START LISTED ENTRIES

lemma cps_chain_Int:
  assumes "cps G p" "F \<in> G" "H \<in> G" "F \<subseteq> H"
  shows "p H (E \<inter> F) = p H F * p F E"
  using cps_chain[OF assms(1) _ assms(4,2,3), of "E \<inter> F"]
    prob_measure_Int_eq_1[OF cps_prob_measure[OF assms(1,2)] cps_self[OF assms(1,2)]]
  by simp

lemma cps_Un_eq:
  assumes "cps G p" "standing G" "K \<in> G" "L \<in> G"
    and "p K E = q" "p L E = q" "K \<inter> L \<noteq> {} \<Longrightarrow> p (K \<inter> L) E = q"
  shows "p (K \<union> L) E = q"
proof -
  have KL: "K \<union> L \<in> G" using standing_Un[OF assms(2-4)] .
  let ?P = "p (K \<union> L)"
  have P: "prob_measure ?P" "?P (K \<union> L) = 1"
    using cps_prob_measure[OF assms(1) KL] cps_self[OF assms(1) KL] .
  have "?P (E \<inter> (K \<inter> L)) = ?P (K \<inter> L) * q"
  proof (cases "K \<inter> L = {}")
    case True
    then show ?thesis using prob_measure_empty[OF P(1)] by simp
  next
    case False
    then show ?thesis
      using cps_chain_Int[OF assms(1) standing_Int[OF assms(2-4)] KL] assms(7) by auto
  qed
  moreover have "?P (E \<inter> K) = ?P K * q" "?P (E \<inter> L) = ?P L * q"
    using cps_chain_Int[OF assms(1) _ KL] assms(3-6) by auto
  moreover have "E \<inter> (K \<union> L) = (E \<inter> K) \<union> (E \<inter> L)"
    and "(E \<inter> K) \<inter> (E \<inter> L) = E \<inter> (K \<inter> L)"
    by blast+
  ultimately have "?P (E \<inter> (K \<union> L)) = q * (?P K + ?P L - ?P (K \<inter> L))"
    using prob_measure_Un[OF P(1), of "E \<inter> K" "E \<inter> L"] by (simp add: algebra_simps)
  then show ?thesis
    using prob_measure_Un[OF P(1), of K L] prob_measure_Int_eq_1[OF P] P(2) by simp
qed

lemma cps_Union_eq:
  fixes G :: "('w::finite) set set"
  assumes "cps G p" "standing G" "finite F" "F \<noteq> {}" "F \<subseteq> G" "\<forall>K\<in>F. K \<subset> H"
    and "\<And>K. K \<in> G \<Longrightarrow> K \<subset> H \<Longrightarrow> p K E = q"
  shows "p (\<Union>F) E = q"
  using assms(3-6)
proof (induction F rule: finite_ne_induct)
  case (singleton K)
  then show ?case using assms(7) by simp
next
  case (insert K F)
  have "\<Union>F \<in> G" using standing_Union[OF assms(2)] insert by blast
  moreover have "K \<inter> \<Union>F \<noteq> {} \<Longrightarrow> p (K \<inter> \<Union>F) E = q"
    using standing_Int[OF assms(2), of K "\<Union>F"] \<open>\<Union>F \<in> G\<close> insert assms(7) by blast
  ultimately show ?case using cps_Un_eq[OF assms(1,2)] insert assms(7) by simp
qed

text \<open>Atoms need not partition \<open>H\<close>, so \<open>H\<close> is built up as a union of atoms whose pairwise
  overlaps are handled by induction on proper subsets.\<close>

lemma cps_eq_if_atoms_eq:
  fixes G :: "('w::finite) set set"
  assumes "cps G p" "standing G"
  shows "H \<in> G \<Longrightarrow> \<forall>x\<in>H. p (atom G x) E = q \<Longrightarrow> p H E = q"
proof (induction H rule: finite_psubset_induct[OF finite])
  case (1 H)
  have sub: "atom G x \<subseteq> H" if "x \<in> H" for x
    using atom_least[OF "1.prems"(1) that] .
  show ?case
  proof (cases "\<exists>x\<in>H. atom G x = H")
    case True
    then show ?thesis using "1.prems"(2) by auto
  next
    case False
    then have proper: "\<forall>K\<in>atom G ` H. K \<subset> H"
      using sub by auto
    have "\<Union>(atom G ` H) = H"
      using sub atom_self[of _ G] by blast
    moreover have "p (\<Union>(atom G ` H)) E = q"
    proof (rule cps_Union_eq[OF assms finite _ _ proper])
      show "atom G ` H \<noteq> {}" using cps_nonempty[OF assms(1) "1.prems"(1)] by blast
      show "atom G ` H \<subseteq> G" using atom_mem[OF assms(2)] by blast
      show "p K E = q" if "K \<in> G" "K \<subset> H" for K
        using "1.IH"[OF that(2,1)] that(2) "1.prems"(2) by blast
    qed
    ultimately show ?thesis by simp
  qed
qed

lemma subset_certain_imp_mem:
  fixes G :: "('w::finite) set set"
  assumes "cps G p" "standing G" "one_closed G p" "C \<noteq> {}" "C \<subseteq> certain G p C"
  shows "C \<in> G"
proof -
  have "atom G x \<subseteq> C" if "x \<in> C" for x
  proof -
    have ax: "atom G x \<in> G" using atom_mem[OF assms(2)] .
    have "p (atom G x) C = 1" using that assms(5) unfolding certain_def by blast
    then have "p (atom G x) (C \<inter> atom G x) = 1"
      using prob_measure_Int_eq_1[OF cps_prob_measure[OF assms(1) ax] cps_self[OF assms(1) ax]]
      by simp
    then have "C \<inter> atom G x \<in> G"
      using assms(3) ax unfolding one_closed_def by blast
    then have "atom G x \<subseteq> C \<inter> atom G x"
      using atom_least[of "C \<inter> atom G x" G x] that atom_self[of x G] by blast
    then show ?thesis by blast
  qed
  then have "C = \<Union>(atom G ` C)" using atom_self[of _ G] by blast
  also have "\<dots> \<in> G"
    using assms(4) atom_mem[OF assms(2)] by (intro standing_Union[OF assms(2) finite]) auto
  finally show ?thesis .
qed

lemma certainty_reflectionD:
  assumes "certainty_reflection G p"
  shows "{w. p (atom G w) E = q} \<subseteq> certain G p {w. p (atom G w) E = q}"
  using assms unfolding certainty_reflection_def certain_def by blast

lemma certain_subset_certain_certain:
  assumes "certainty_reflection G p"
  shows "certain G p X \<subseteq> certain G p (certain G p X)"
  using certainty_reflectionD[OF assms, of X 1] unfolding certain_def .

lemma certain_Inter:
  fixes G :: "('w::finite) set set"
  assumes "cps G p" "standing G"
  shows "(\<Inter>X\<in>F. certain G p X) \<subseteq> certain G p (\<Inter>F)"
  using prob_measure_Inter_eq_1[OF cps_prob_measure[OF assms(1) atom_mem[OF assms(2)]] finite]
  unfolding certain_def by auto

lemma certain_Int:
  fixes G :: "('w::finite) set set"
  assumes "cps G p" "standing G"
  shows "certain G p X \<inter> certain G p Y \<subseteq> certain G p (X \<inter> Y)"
  using certain_Inter[OF assms, of "{X, Y}"] by simp

lemma AB_seq_Suc:
  "fst (AB_seq GA pA GB pB E qA qB (Suc n)) =
     fst (AB_seq GA pA GB pB E qA qB n) \<inter> certain GA pA (snd (AB_seq GA pA GB pB E qA qB n))"
  "snd (AB_seq GA pA GB pB E qA qB (Suc n)) =
     snd (AB_seq GA pA GB pB E qA qB n) \<inter> certain GB pB (fst (AB_seq GA pA GB pB E qA qB n))"
  by (simp_all add: case_prod_beta Let_def)

lemma AB_seq_swap:
  "AB_seq GB pB GA pA E qB qA n = prod.swap (AB_seq GA pA GB pB E qA qB n)"
  by (induction n) (simp_all add: case_prod_beta)

lemma C_inf_swap: "C_inf GB pB GA pA E qB qA = C_inf GA pA GB pB E qA qB"
  unfolding C_inf_def AB_seq_swap[of GA pA GB pB] by (simp add: Int_commute)

lemma AB_seq_fst_subset_certain:
  fixes GA :: "('w::finite) set set"
  assumes "cps GA pA" "standing GA" "certainty_reflection GA pA"
  shows "fst (AB_seq GA pA GB pB E qA qB n)
           \<subseteq> certain GA pA (fst (AB_seq GA pA GB pB E qA qB n))"
proof (induction n)
  case 0
  show ?case using certainty_reflectionD[OF assms(3)] by simp
next
  case (Suc n)
  let ?A = "fst (AB_seq GA pA GB pB E qA qB n)" and ?B = "snd (AB_seq GA pA GB pB E qA qB n)"
  have "?A \<inter> certain GA pA ?B \<subseteq> certain GA pA ?A \<inter> certain GA pA (certain GA pA ?B)"
    using Suc.IH certain_subset_certain_certain[OF assms(3)] by blast
  also have "\<dots> \<subseteq> certain GA pA (?A \<inter> certain GA pA ?B)"
    by (rule certain_Int[OF assms(1,2)])
  finally show ?case unfolding AB_seq_Suc .
qed

lemma C_inf_subset_certain:
  fixes GA :: "('w::finite) set set"
  assumes "cps GA pA" "standing GA" "certainty_reflection GA pA"
  shows "C_inf GA pA GB pB E qA qB \<subseteq> certain GA pA (C_inf GA pA GB pB E qA qB)"
    (is "?C \<subseteq> certain GA pA ?C")
proof -
  let ?As = "\<lambda>n. fst (AB_seq GA pA GB pB E qA qB n)"
    and ?Bs = "\<lambda>n. snd (AB_seq GA pA GB pB E qA qB n)"
  have "?C \<subseteq> certain GA pA (?As n)" for n
    using AB_seq_fst_subset_certain[OF assms, of GB pB E qA qB n] unfolding C_inf_def by blast
  moreover have "?C \<subseteq> certain GA pA (?Bs n)" for n
    using AB_seq_Suc(1)[of GA pA GB pB E qA qB n] unfolding C_inf_def by blast
  ultimately have "?C \<subseteq> (\<Inter>X\<in>range ?As \<union> range ?Bs. certain GA pA X)" by blast
  also have "\<dots> \<subseteq> certain GA pA (\<Inter>(range ?As \<union> range ?Bs))"
    by (rule certain_Inter[OF assms(1,2)])
  also have "\<Inter>(range ?As \<union> range ?Bs) = ?C"
    unfolding C_inf_def by (simp only: Inter_Un_distrib)
  finally show ?thesis .
qed

lemma C_inf_mem:
  fixes GA :: "('w::finite) set set"
  assumes "cps GA pA" "standing GA" "certainty_reflection GA pA" "one_closed GA pA"
    and "w \<in> C_inf GA pA GB pB E qA qB"
  shows "C_inf GA pA GB pB E qA qB \<in> GA"
proof (rule subset_certain_imp_mem[OF assms(1,2,4)])
  show "C_inf GA pA GB pB E qA qB \<noteq> {}" using assms(5) by blast
qed (rule C_inf_subset_certain[OF assms(1-3)])

lemma prob_eq_if_subset_C_inf:
  fixes GA :: "('w::finite) set set"
  assumes "cps GA pA" "standing GA" "H \<in> GA" "H \<subseteq> C_inf GA pA GB pB E qA qB"
  shows "pA H E = qA"
proof (rule cps_eq_if_atoms_eq[OF assms(1-3)], intro ballI)
  fix x assume "x \<in> H"
  then have "x \<in> fst (AB_seq GA pA GB pB E qA qB 0)"
    using assms(4) unfolding C_inf_def by blast
  then show "pA (atom GA x) E = qA" by simp
qed

theorem theorem1:
  fixes GA GB :: "('w::finite) set set"
    and pA pB :: "'w set \<Rightarrow> 'w set \<Rightarrow> real"
    and E :: "'w set" and w :: 'w and qA qB :: real
  assumes "cps GA pA" and "standing GA" and "certainty_reflection GA pA" and "one_closed GA pA"
    and "cps GB pB" and "standing GB" and "certainty_reflection GB pB" and "one_closed GB pB"
    and "0 \<le> qA" and "qA \<le> 1" and "0 \<le> qB" and "qB \<le> 1"
    and "w \<in> C_inf GA pA GB pB E qA qB"
    and "pA (atom (GA \<inter> GB) w) = pB (atom (GA \<inter> GB) w)"
  shows "qA = qB"
proof -
  let ?C = "C_inf GA pA GB pB E qA qB" and ?M = "atom (GA \<inter> GB) w"
  have swap: "C_inf GB pB GA pA E qB qA = ?C" by (rule C_inf_swap)
  have "?C \<in> GA" using C_inf_mem[OF assms(1-4,13)] .
  moreover have "?C \<in> GB" using C_inf_mem[OF assms(5-8) assms(13)[folded swap]] unfolding swap .
  moreover have "?M \<in> GA \<inter> GB" using atom_mem[OF standing_Int_families[OF assms(2,6)]] .
  ultimately have M: "?M \<in> GA" "?M \<in> GB" "?M \<subseteq> ?C"
    using atom_least[of ?C "GA \<inter> GB" w] assms(13) by auto
  have "pA ?M E = qA" using prob_eq_if_subset_C_inf[OF assms(1,2) M(1,3)] .
  moreover have "pB ?M E = qB"
    using prob_eq_if_subset_C_inf[OF assms(5,6) M(2) M(3)[folded swap]] .
  ultimately show ?thesis using assms(14) by simp
qed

END LISTED ENTRIES

» **EXERCISE AIM**: Please find every line in the records above that holds the word "induction" and copy it.

» **EXPECTED ANSWER**:
proof (induction F rule: finite_ne_induct)
  overlaps are handled by induction on proper subsets.\<close>
proof (induction H rule: finite_psubset_induct[OF finite])
  by (induction n) (simp_all add: case_prod_beta)
proof (induction n)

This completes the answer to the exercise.